️🎄 Advent of Code 2021, Day 7

The Treachers of Whales

2022-08-27

#rust #advent-of-code

Day 7: The Treachery of Whales

While I've completed every star for each year of Advent of Code, I recently realised I hadn't written up my notes from some of the days from last year. Taking the opportunity to revisit my efforts, here's the first missing day from 2021, along with some obvervations as to where I fundamentally misunderstood the input data.

Part One

This is not an auspicious start: looking back at this from the far future of 2022, I'm not actually sure that I did this correctly (or at least not efficiently.)

Parsing the input is straightforward enough (note we're using isize as we'll be doing some subtracting later and this makes it much simpler; similarly, I opted to use a flat_map() which will drop any Err which come from failed parsing, a bad practice I'll likely revisit in the future):

fn get_positions(input: &str) -> Vec<isize> {
    input
        .trim()
        .split(',')
        .flat_map(|pos| pos.parse::<isize>())
        .collect()
}

This was the solution I came up with for Part One:

pub fn get_part_one(input: &str) -> isize {
    let positions = get_positions(input);

    (0..positions.len())
        .map(|alignment| {
            positions
                .iter()
                .map(|position| (position - alignment as isize).abs())
                .sum()
        })
        .min()
        .unwrap()
}

While this worked, there are (at least) two things wrong with it:

Assuming that that initial loop is instead positions.map(…, there are 1,000 crabs coming to aid us but only 667 unique positions so there are definitely efficiencies to be made.

Part Two

There's one further assumption I made in the first part that doesn't hold true here: that the correct position is actually represented in the input.

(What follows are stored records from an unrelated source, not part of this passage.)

lemma scrX_dyadic_refinement:
  assumes "x \<in> scrX"
  obtains \<sigma> where "signed_midpoint_refinement (\<lambda>n j. x (real j / 2^n)) \<sigma>"
proof -
  obtain \<theta> where \<theta>: "\<forall>m k. \<theta> m k \<in> {-1, 1}"
    and lim: "uniform_limit {0..1} (fs_partial_sum \<theta>) x sequentially"
    using assms unfolding scrX_def fs_partial_sum_def[abs_def] by blast
  have x_dyadic: "x (real j / 2^n) = fs_partial_sum \<theta> n (real j / 2^n)" if "j \<le> 2^n" for j n
    using that by (intro limit_fs_partial_sum_at_dyadic tendsto_uniform_limitI[OF lim]) (simp add: field_simps)
  have "signed_midpoint_refinement (\<lambda>n j. x (real j / 2^n)) (\<lambda>n i. \<theta> n (int i) * 2 powr (- real n / 2))"
  proof
    fix n i :: nat
    assume i: "i < 2^n"
    have "x (real (2 * i + 1) / 2^Suc n) = fs_partial_sum \<theta> (Suc n) ((2 * real i + 1) / 2^(n+1))"
      using x_dyadic[of "2 * i + 1" "Suc n"] i by (simp add: algebra_simps)
    also have "\<dots> = (fs_partial_sum \<theta> n (real i / 2^n) + fs_partial_sum \<theta> n ((real i + 1) / 2^n)) / 2
        + \<theta> n (int i) * 2 powr (- real n / 2) / 2"
      unfolding fs_partial_sum_Suc_midpoint[OF i] fs_partial_sum_midpoint ..
    also have "fs_partial_sum \<theta> n (real i / 2^n) = x (real i / 2^n)"
      using x_dyadic[of i n] i by simp
    also have "fs_partial_sum \<theta> n ((real i + 1) / 2^n) = x (real (i + 1) / 2^n)"
      using x_dyadic[of "i + 1" n] i by (simp add: add.commute)
    finally show "x (real (2 * i + 1) / 2^Suc n)
        = (x (real i / 2^n) + x (real (i + 1) / 2^n)) / 2 + \<theta> n (int i) * 2 powr (- real n / 2) / 2" .
  next
    show "x (real 1 / 2^0) = x (real 0 / 2^0)"
      using x_dyadic[of 0 0] x_dyadic[of 1 0] by (simp add: fs_partial_sum_def)
  next
    fix n i :: nat
    have "\<theta> n (int i) \<in> {-1, 1}"
      using \<theta> by blast
    then have "(\<theta> n (int i))^2 = 1"
      by auto
    moreover have "(2 powr (- real n / 2))^2 = 2 powr (- real n)"
      by (simp add: power2_eq_square flip: powr_add)
    moreover have "2 powr (- real n) = 1 / 2^n"
      by (simp add: powr_minus_divide powr_realpow)
    ultimately show "(\<theta> n (int i) * 2 powr (- real n / 2))^2 = 1 / 2^n"
      by (simp add: power_mult_distrib)
  qed simp
  then show ?thesis
    by (rule that)
qed

theorem proposition2p6:
  assumes "x \<in> scrX"
  shows "admits_cqv (\<lambda>n. dyadic (Suc n)) x \<and>
         (\<forall>t\<in>{0..1}. (\<lambda>n. qv_n (dyadic (Suc n)) x t) \<longlonglongrightarrow> t)"
proof -
  obtain \<sigma> where "signed_midpoint_refinement (\<lambda>n j. x (real j / 2^n)) \<sigma>"
    using scrX_dyadic_refinement[OF assms] .
  then have lim: "\<forall>t\<in>{0..1}. (\<lambda>n. qv_n (dyadic (Suc n)) x t) \<longlonglongrightarrow> t"
    using qv_n_dyadic_tendsto LIMSEQ_Suc by blast
  moreover have "admits_cqv (\<lambda>n. dyadic (Suc n)) x"
    using lim by (rule admits_cqvI[OF _ continuous_on_id])
  ultimately show ?thesis
    by blast
qed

Take the input of 16,1,2,0,4,2,7,1,2,14: the answer is 5 which is not present in that list. Instead, the range of positions should be from the minimum up to the maximum value represented in that list (I think we can safely assume that moving the crabs outside of that range would take more fuel than moving within that range.)

It's more verbose but instead I should have something more like:

    let min = positions.iter().min().unwrap();
    let max = positions.iter().max().unwrap();
    (*min..=*max)
        .map(…

Here I originally did the calculation of the fuel consumption via this (diff being the distance moved):

(diff * (diff + 1)) / 2

However, now looking at it, I'm not ever sure I understand it at first glance (though thankfully I left myself a note about this being a Arithmetic progression.) Instead, I could have opted to do this:

(0..=diff).sum()

That (now, at least) makes more sense to me: the fuel consumed is the sum of the range between the two (i.e. 1 + 2 + 3, etc.)

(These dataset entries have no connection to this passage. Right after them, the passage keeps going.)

(* Let $\mathbb{F}$ be a field and $n \ge 1$ an integer. For each integer $K \ge 1$, let $M_n(K)$ denote the set of monomial ideals $I$ of $\mathbb{F}[X_1,\ldots,X_n]$ such that the quotient space $\mathbb{F}[X_1,\ldots,X_n]/I$ has dimension exactly $K$ over $\mathbb{F}$. Then $|M_n(1)| = 1$, and for every $K \ge 2$, $$|M_n(K)| \le K^n (K+n-2)^{(n-1)(K-1)} (2K-3)^{K-2}.$$ In particular, for every real number $R > 1$ there exists a constant $c$, depending only on $n$ and $R$, such that $|M_n(K)| \le c\, R^{K^{3/2}}$ for all integers $K \ge 1$.
   Context: A monomial ideal of $\mathbb{F}[X_1,\ldots,X_n]$ is an ideal generated by monomials $X_1^{j_1}\cdots X_n^{j_n}$. *)

theory Defs
  imports Complex_Main "HOL-Library.Poly_Mapping"
begin

text \<open>Multivariate polynomials over a field 'a are represented as finitely supported
  maps from monomials (exponent vectors, nat =>0 nat) to coefficients; the ring
  structure (convolution product) is the one of HOL-Library.Poly_Mapping.
  The variables X_1,...,X_n are the indices 0,...,n-1.\<close>

type_synonym 'a mpoly = "(nat \<Rightarrow>\<^sub>0 nat) \<Rightarrow>\<^sub>0 'a"

definition polyring :: "nat \<Rightarrow> 'a::field mpoly set" where
  "polyring n = {p. \<forall>m \<in> Poly_Mapping.keys p. Poly_Mapping.keys m \<subseteq> {..<n}}"

definition monomials :: "nat \<Rightarrow> 'a::field mpoly set" where
  "monomials n = {Poly_Mapping.single m 1 | m. Poly_Mapping.keys m \<subseteq> {..<n}}"

definition is_ideal :: "nat \<Rightarrow> 'a::field mpoly set \<Rightarrow> bool" where
  "is_ideal n I \<longleftrightarrow> I \<subseteq> polyring n \<and> 0 \<in> I \<and>
     (\<forall>p\<in>I. \<forall>q\<in>I. p + q \<in> I) \<and>
     (\<forall>r\<in>polyring n. \<forall>p\<in>I. r * p \<in> I)"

Furthermore, I don't even need that sum(): I don't care about the sum of each individual crab's movements, just the sum of all the crabs' movements:

.flat_map(|position| {
    let diff = (position - alignment).abs();
    0..=diff
})
.sum()

So my final solution for the second part ends up being:

pub fn get_part_two(input: &str) -> isize {
    let positions = get_positions(input);

    let min = positions.iter().min().unwrap();
    let max = positions.iter().max().unwrap();
    (*min..=*max)
        .map(|alignment| {
            positions
                .iter()
                .flat_map(|position| {
                    0..=(position - alignment).abs()
                })
                .sum()
        })
        .min()
        .unwrap()
}

Curiously, the cargo run for Part Two takes an extraordinarily long time (to the point I lose patience waiting for it to finish); using cargo run --release, however, is single-digit milliseconds. I'm aware of the differences between the two, the extent of the difference for such a seemingly straightforward problem is surprising.